(* Let $(A,\mathrm{d}_A),(B,\mathrm{d}_B),Y,Z,h_A,h_B$ be homotopy data with bimodule structure, and let $(B,m^{\mathrm{ht}}_n)$ be the homotopy transfer $A_\infty$-algebra on $B$. Suppose that $h_A$ satisfies the left-side condition $h_A\circ Z=0$. Then $m^{\mathrm{ht}}_n=0$ for all $n>2$, i.e. $(B,\mathrm{d}_B,m_2^{\mathrm{ht}})$ is a differential graded associative algebra.
   Context: All vector spaces are $\mathbb{Z}$-graded over a field $\Bbbk$ of characteristic zero. Homotopy data with bimodule structure consists of: cochain complexes $(A,\mathrm{d}_A)$, $(B,\mathrm{d}_B)$; degree-$0$ cochain maps $Y\colon A\to B$, $Z\colon B\to A$; degree $-1$ maps $h_A\colon A\to A$, $h_B\colon B\to B$ with $\mathbb{1}_A-Z\circ Y=\mathrm{d}_A h_A+h_A\mathrm{d}_A$ and $\mathbb{1}_B-Y\circ Z=\mathrm{d}_B h_B+h_B\mathrm{d}_B$; such that (1) $(A,\wedge,\mathrm{d}_A)$ is a differential graded associative algebra; (2) $\mathrm{Im}(Z)$ is a subring of $A$ and $B$ is a differential graded bimodule over $\mathrm{Im}(Z)$, with left action $Z(b)\rhd b'$ and right action $b\lhd Z(b')$ satisfying $Z(b)\rhd(Z(b')\rhd b'')=(Z(b)\wedge Z(b'))\rhd b''$, $(b\lhd Z(b'))\lhd Z(b'')=b\lhd(Z(b')\wedge Z(b''))$, and the graded Leibniz rules $\mathrm{d}_B(Z(b)\rhd b')=Z(\mathrm{d}_Bb)\rhd b'+(-1)^{|b|}Z(b)\rhd \mathrm{d}_Bb'$, $\mathrm{d}_B(b\lhd Z(b'))=\mathrm{d}_Bb\lhd Z(b')+(-1)^{|b|}b\lhd Z(\mathrm{d}_Bb')$; (3) $Y,Z$ are $\mathrm{Im}(Z)$-bimodule homomorphisms: $Y(Z(b)\wedge a)=Z(b)\rhd Y(a)$, $Y(a\wedge Z(b))=Y(a)\lhd Z(b)$, $Z(Z(b)\rhd b')=Z(b)\wedge Z(b')$, $Z(b\lhd Z(b'))=Z(b)\wedge Z(b')$ for all $a\in A$, $b,b'\in B$. An $A_\infty$-algebra is $(B,\{m_n\}_{n\ge1})$ with $m_n\colon B^{\otimes n}\to B$ of degree $2-n$ satisfying $\sum_{r+s+t=n}(-1)^{r+st}m_{r+t+1}(\mathbb{1}^{\otimes r}\otimes m_s\otimes\mathbb{1}^{\otimes t})=0$ for all $n\ge1$. The homotopy transfer $A_\infty$-algebra $(B,m_n^{\mathrm{ht}})$ is the one given by the homotopy transfer theorem (Kadeishvili) from the dga $A$ via $Y,Z,h_A$: $m_1^{\mathrm{ht}}=\mathrm{d}_B$, $m_2^{\mathrm{ht}}=Y\circ\wedge\circ(Z\otimes Z)$, $m_3^{\mathrm{ht}}(b\otimes b'\otimes b'')=Y\big(Z(b)\wedge h_A(Z(b')\wedge Z(b''))-h_A(Z(b)\wedge Z(b'))\wedge Z(b'')\big)$, and in general $m_n^{\mathrm{ht}}$ is a signed sum over planar binary rooted trees with $n$ leaves of the composite with $Z$ on the leaves, $\wedge$ at the vertices, $h_A$ on internal edges and $Y$ at the root. *)

theory Defs
  imports Complex_Main
begin

text \<open>A Z-graded vector space is modelled by a carrier type 'a with a scalar
multiplication s over a field 'k, and a family G of subspaces (G n = degree-n part)
such that 'a is their (internal) direct sum.\<close>

definition sgnx :: "int \<Rightarrow> 'a::ab_group_add \<Rightarrow> 'a" where
  "sgnx p x = (if even p then x else - x)"

definition graded_space :: "('k::field \<Rightarrow> 'a::ab_group_add \<Rightarrow> 'a) \<Rightarrow> (int \<Rightarrow> 'a set) \<Rightarrow> bool" where
  "graded_space s G \<longleftrightarrow>
     vector_space s \<and>
     (\<forall>n. 0 \<in> G n \<and> (\<forall>x\<in>G n. \<forall>y\<in>G n. x + y \<in> G n) \<and> (\<forall>c. \<forall>x\<in>G n. s c x \<in> G n)) \<and>
     (\<forall>x. \<exists>I c. finite I \<and> (\<forall>n\<in>I. c n \<in> G n) \<and> x = (\<Sum>n\<in>I. c n)) \<and>
     (\<forall>I c. finite I \<longrightarrow> (\<forall>n\<in>I. c n \<in> G n) \<longrightarrow> (\<Sum>n\<in>I. c n) = 0 \<longrightarrow> (\<forall>n\<in>I. c n = 0))"
(* Let $G=(V,E)$ be a finite graph (parallel edges and loops allowed) and $e\neq f$ edges of $G$, and let $E^{ef}=E\setminus\{e,f\}$. The coefficient of the monomial $\prod_{g\in E^{ef}}x_g$ in $\mathcal{M}_{ef}(1)$ equals the number of paracels $F\subseteq E^{ef}$ of $G$.
   Context: Let $\{x_g : g\in E\}$ be variables. For $F\subseteq E$, $\mathbf{x}^F=\prod_{g\in F}x_g$ and $k(F)$ is the number of connected components of $(V,F)$. For $A,B\subseteq E$, $\mathcal{T}_A^B=\sum_{F\subseteq E:\,A\subseteq F,\,F\cap B=\varnothing}\mathbf{x}^F q^{k(F)}$; $\mathcal{T}_e^f=\mathcal{T}_{\{e\}}^{\{f\}}$, $\mathcal{T}_f^e=\mathcal{T}_{\{f\}}^{\{e\}}$, $\mathcal{T}_{ef}=\mathcal{T}_{\{e,f\}}^{\varnothing}$, $\mathcal{T}^{ef}=\mathcal{T}_{\varnothing}^{\{e,f\}}$, and $\mathcal{M}_{ef}(q)=(\mathcal{T}_e^f\mathcal{T}_f^e-\mathcal{T}_{ef}\mathcal{T}^{ef})/(x_ex_f(1-q))$, which is a polynomial; $\mathcal{M}_{ef}(1)$ is its value at $q=1$. A subset $F\subseteq E^{ef}$ is a paracel if $e$ and $f$ both join the same two distinct connected components of $(V,F)$; equivalently $(V,F+e)$ and $(V,F+f)$ have the same connected components and $k(F+e)=k(F+f)=k(F)-1$. *)

theory Defs
  imports Main "HOL-Library.Poly_Mapping" "HOL-Computational_Algebra.Polynomial"
begin

(* A finite multigraph: vertex set V, edge set E, and each edge g has endpoints
   ends g = (u, v) (loops: u = v; parallel edges: distinct edges with equal ends). *)

definition conn :: "'v set \<Rightarrow> ('e \<Rightarrow> 'v \<times> 'v) \<Rightarrow> 'e set \<Rightarrow> ('v \<times> 'v) set" where
  "conn V ends F = Restr ((ends ` F \<union> (prod.swap \<circ> ends) ` F)\<^sup>*) V"

definition ncomp :: "'v set \<Rightarrow> ('e \<Rightarrow> 'v \<times> 'v) \<Rightarrow> 'e set \<Rightarrow> nat" where
  "ncomp V ends F = card (V // conn V ends F)"

definition comp :: "'v set \<Rightarrow> ('e \<Rightarrow> 'v \<times> 'v) \<Rightarrow> 'e set \<Rightarrow> 'v \<Rightarrow> 'v set" where
  "comp V ends F u = conn V ends F `` {u}"

(* Polynomials in the edge variables x_g with coefficients in Z[q]:
   a monomial is an exponent vector 'e \<Rightarrow>\<^sub>0 nat. *)
type_synonym 'e xpoly = "('e \<Rightarrow>\<^sub>0 nat) \<Rightarrow>\<^sub>0 int poly"

definition mexp :: "'e set \<Rightarrow> 'e \<Rightarrow>\<^sub>0 nat" where
  "mexp F = (\<Sum>g\<in>F. Poly_Mapping.single g 1)"

(* T_A^B = sum over F \<subseteq> E, A \<subseteq> F, F \<inter> B = {} of x^F q^{k(F)} *)
definition Tpoly :: "'v set \<Rightarrow> 'e set \<Rightarrow> ('e \<Rightarrow> 'v \<times> 'v) \<Rightarrow> 'e set \<Rightarrow> 'e set \<Rightarrow> 'e xpoly" where
  "Tpoly V E ends A B =
     (\<Sum>F\<in>{F. F \<subseteq> E \<and> A \<subseteq> F \<and> F \<inter> B = {}}.
        Poly_Mapping.single (mexp F) ([:0, 1:] ^ ncomp V ends F))"

(* M_ef(q) = (T_e^f T_f^e - T_ef T^ef) / (x_e x_f (1 - q)), the (unique) polynomial
   quotient *)
definition Mpoly :: "'v set \<Rightarrow> 'e set \<Rightarrow> ('e \<Rightarrow> 'v \<times> 'v) \<Rightarrow> 'e \<Rightarrow> 'e \<Rightarrow> 'e xpoly" where
  "Mpoly V E ends e f = (THE M.
     Poly_Mapping.single (mexp {e, f}) [:1, -1:] * M =
       Tpoly V E ends {e} {f} * Tpoly V E ends {f} {e}
       - Tpoly V E ends {e, f} {} * Tpoly V E ends {} {e, f})"

definition Mpoly_at1 :: "'v set \<Rightarrow> 'e set \<Rightarrow> ('e \<Rightarrow> 'v \<times> 'v) \<Rightarrow> 'e \<Rightarrow> 'e \<Rightarrow> ('e \<Rightarrow>\<^sub>0 nat) \<Rightarrow>\<^sub>0 int" where
  "Mpoly_at1 V E ends e f = Poly_Mapping.map (\<lambda>p. poly p 1) (Mpoly V E ends e f)"

definition paracel :: "'v set \<Rightarrow> 'e set \<Rightarrow> ('e \<Rightarrow> 'v \<times> 'v) \<Rightarrow> 'e \<Rightarrow> 'e \<Rightarrow> 'e set \<Rightarrow> bool" where
  "paracel V E ends e f F \<longleftrightarrow> F \<subseteq> E - {e, f} \<and>
     comp V ends F (fst (ends e)) \<noteq> comp V ends F (snd (ends e)) \<and>
     {comp V ends F (fst (ends e)), comp V ends F (snd (ends e))} =
     {comp V ends F (fst (ends f)), comp V ends F (snd (ends f))}"

end

theory Submission
  imports Defs
begin

(* Expanding the four products gives
     M_ef(q) = Sum_{A, B subset E^ef} x^A x^B (q^a - q^b) / (1 - q),
   with a = k(A+e) + k(B+f) and b = k(A+e+f) + k(B), so at q = 1 the coefficient of x^(E^ef)
   is Sum_A (b - a) over A subset E^ef and B = E^ef - A.  Substituting H = E^ef - A in the
   B-terms turns this into the sum over H of [k(H) - k(H+f)] - [k(H+e) - k(H+e+f)].
   Adding an edge lowers k by one if it joins two components and leaves k unchanged otherwise,
   so the summand is 1 exactly when f joins two components of (V, H) but not of (V, H+e),
   i.e. when H is a paracel, and 0 otherwise. *)

lemma Image_merge_classes:
  assumes r: "equiv V r" and uv: "(u, v) \<notin> r"
  shows "(r \<union> {(x, y). (x, u) \<in> r \<and> (v, y) \<in> r} \<union> {(x, y). (x, v) \<in> r \<and> (u, y) \<in> r}) `` {x}
    = (if x \<in> r `` {u} \<union> r `` {v} then r `` {u} \<union> r `` {v} else r `` {x})"
    (is "?r' `` {x} = _")
proof -
  have s: "(a, b) \<in> r \<Longrightarrow> (b, a) \<in> r" and t: "(a, b) \<in> r \<Longrightarrow> (b, c) \<in> r \<Longrightarrow> (a, c) \<in> r" for a b c
    using r unfolding equiv_def by (meson symE, meson transE)
  have mem: "y \<in> ?r' `` {x} \<longleftrightarrow> (x, y) \<in> r \<or> (x, u) \<in> r \<and> (v, y) \<in> r \<or> (x, v) \<in> r \<and> (u, y) \<in> r" for y
    by blast
  consider "(x, u) \<in> r" | "(x, v) \<in> r" | "(x, u) \<notin> r" "(x, v) \<notin> r" by blast
  then show ?thesis
  proof cases
    case 1
    then have "(x, v) \<notin> r" and "(x, y) \<in> r \<longleftrightarrow> (u, y) \<in> r" for y using s t uv by blast+
    then show ?thesis using mem 1 s by auto
  next
    case 2
    then have "(x, u) \<notin> r" and "(x, y) \<in> r \<longleftrightarrow> (v, y) \<in> r" for y using s t uv by blast+
    then show ?thesis using mem 2 s by auto
  next
    case 3
    then show ?thesis using mem s by auto
  qed
qed

lemma quotient_merge_classes:
  assumes r: "equiv V r" and uv: "u \<in> V" "v \<in> V" "(u, v) \<notin> r"
  shows "V // (r \<union> {(x, y). (x, u) \<in> r \<and> (v, y) \<in> r} \<union> {(x, y). (x, v) \<in> r \<and> (u, y) \<in> r})
    = insert (r `` {u} \<union> r `` {v}) (V // r - {r `` {u}, r `` {v}})"
    (is "V // ?r' = insert (?A \<union> ?B) (V // r - {?A, ?B})")
proof (intro equalityI subsetI)
  have self: "x \<in> r `` {x}" if "x \<in> V" for x using r that by (rule equiv_class_self)
  fix C
  { assume "C \<in> V // ?r'"
    then obtain x where "x \<in> V" "C = ?r' `` {x}" by (rule quotientE)
    moreover have "r `` {x} \<noteq> ?A" "r `` {x} \<noteq> ?B" if "x \<in> V" "x \<notin> ?A \<union> ?B" for x
      using self that by auto
    ultimately show "C \<in> insert (?A \<union> ?B) (V // r - {?A, ?B})"
      using Image_merge_classes[OF r uv(3)] by (auto intro: quotientI) }
  { assume C: "C \<in> insert (?A \<union> ?B) (V // r - {?A, ?B})"
    show "C \<in> V // ?r'"
    proof (cases "C = ?A \<union> ?B")
      case True
      have "?r' `` {u} = ?A \<union> ?B" using Image_merge_classes[OF r uv(3)] self[OF uv(1)] by simp
      then show ?thesis using True quotientI[OF uv(1)] by metis
    next
      case False
      with C have "C \<in> V // r" "C \<noteq> ?A" "C \<noteq> ?B" by auto
      then obtain x where x: "x \<in> V" "C = r `` {x}" by (auto elim: quotientE)
      with \<open>C \<noteq> ?A\<close> \<open>C \<noteq> ?B\<close> have "x \<notin> ?A \<union> ?B" using equiv_class_eq[OF r] by blast
      then have "?r' `` {x} = C" using Image_merge_classes[OF r uv(3)] x(2) by simp
      then show ?thesis using quotientI[OF x(1)] by metis
    qed }
qed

• • •

▶ _Task goal_:
Every line above holding the string "shows" should be listed.

▶ _Result of the exercise_:
  shows "(r \<union> {(x, y). (x, u) \<in> r \<and> (v, y) \<in> r} \<union> {(x, y). (x, v) \<in> r \<and> (u, y) \<in> r}) `` {x}
  shows "V // (r \<union> {(x, y). (x, u) \<in> r \<and> (v, y) \<in> r} \<union> {(x, y). (x, v) \<in> r \<and> (u, y) \<in> r})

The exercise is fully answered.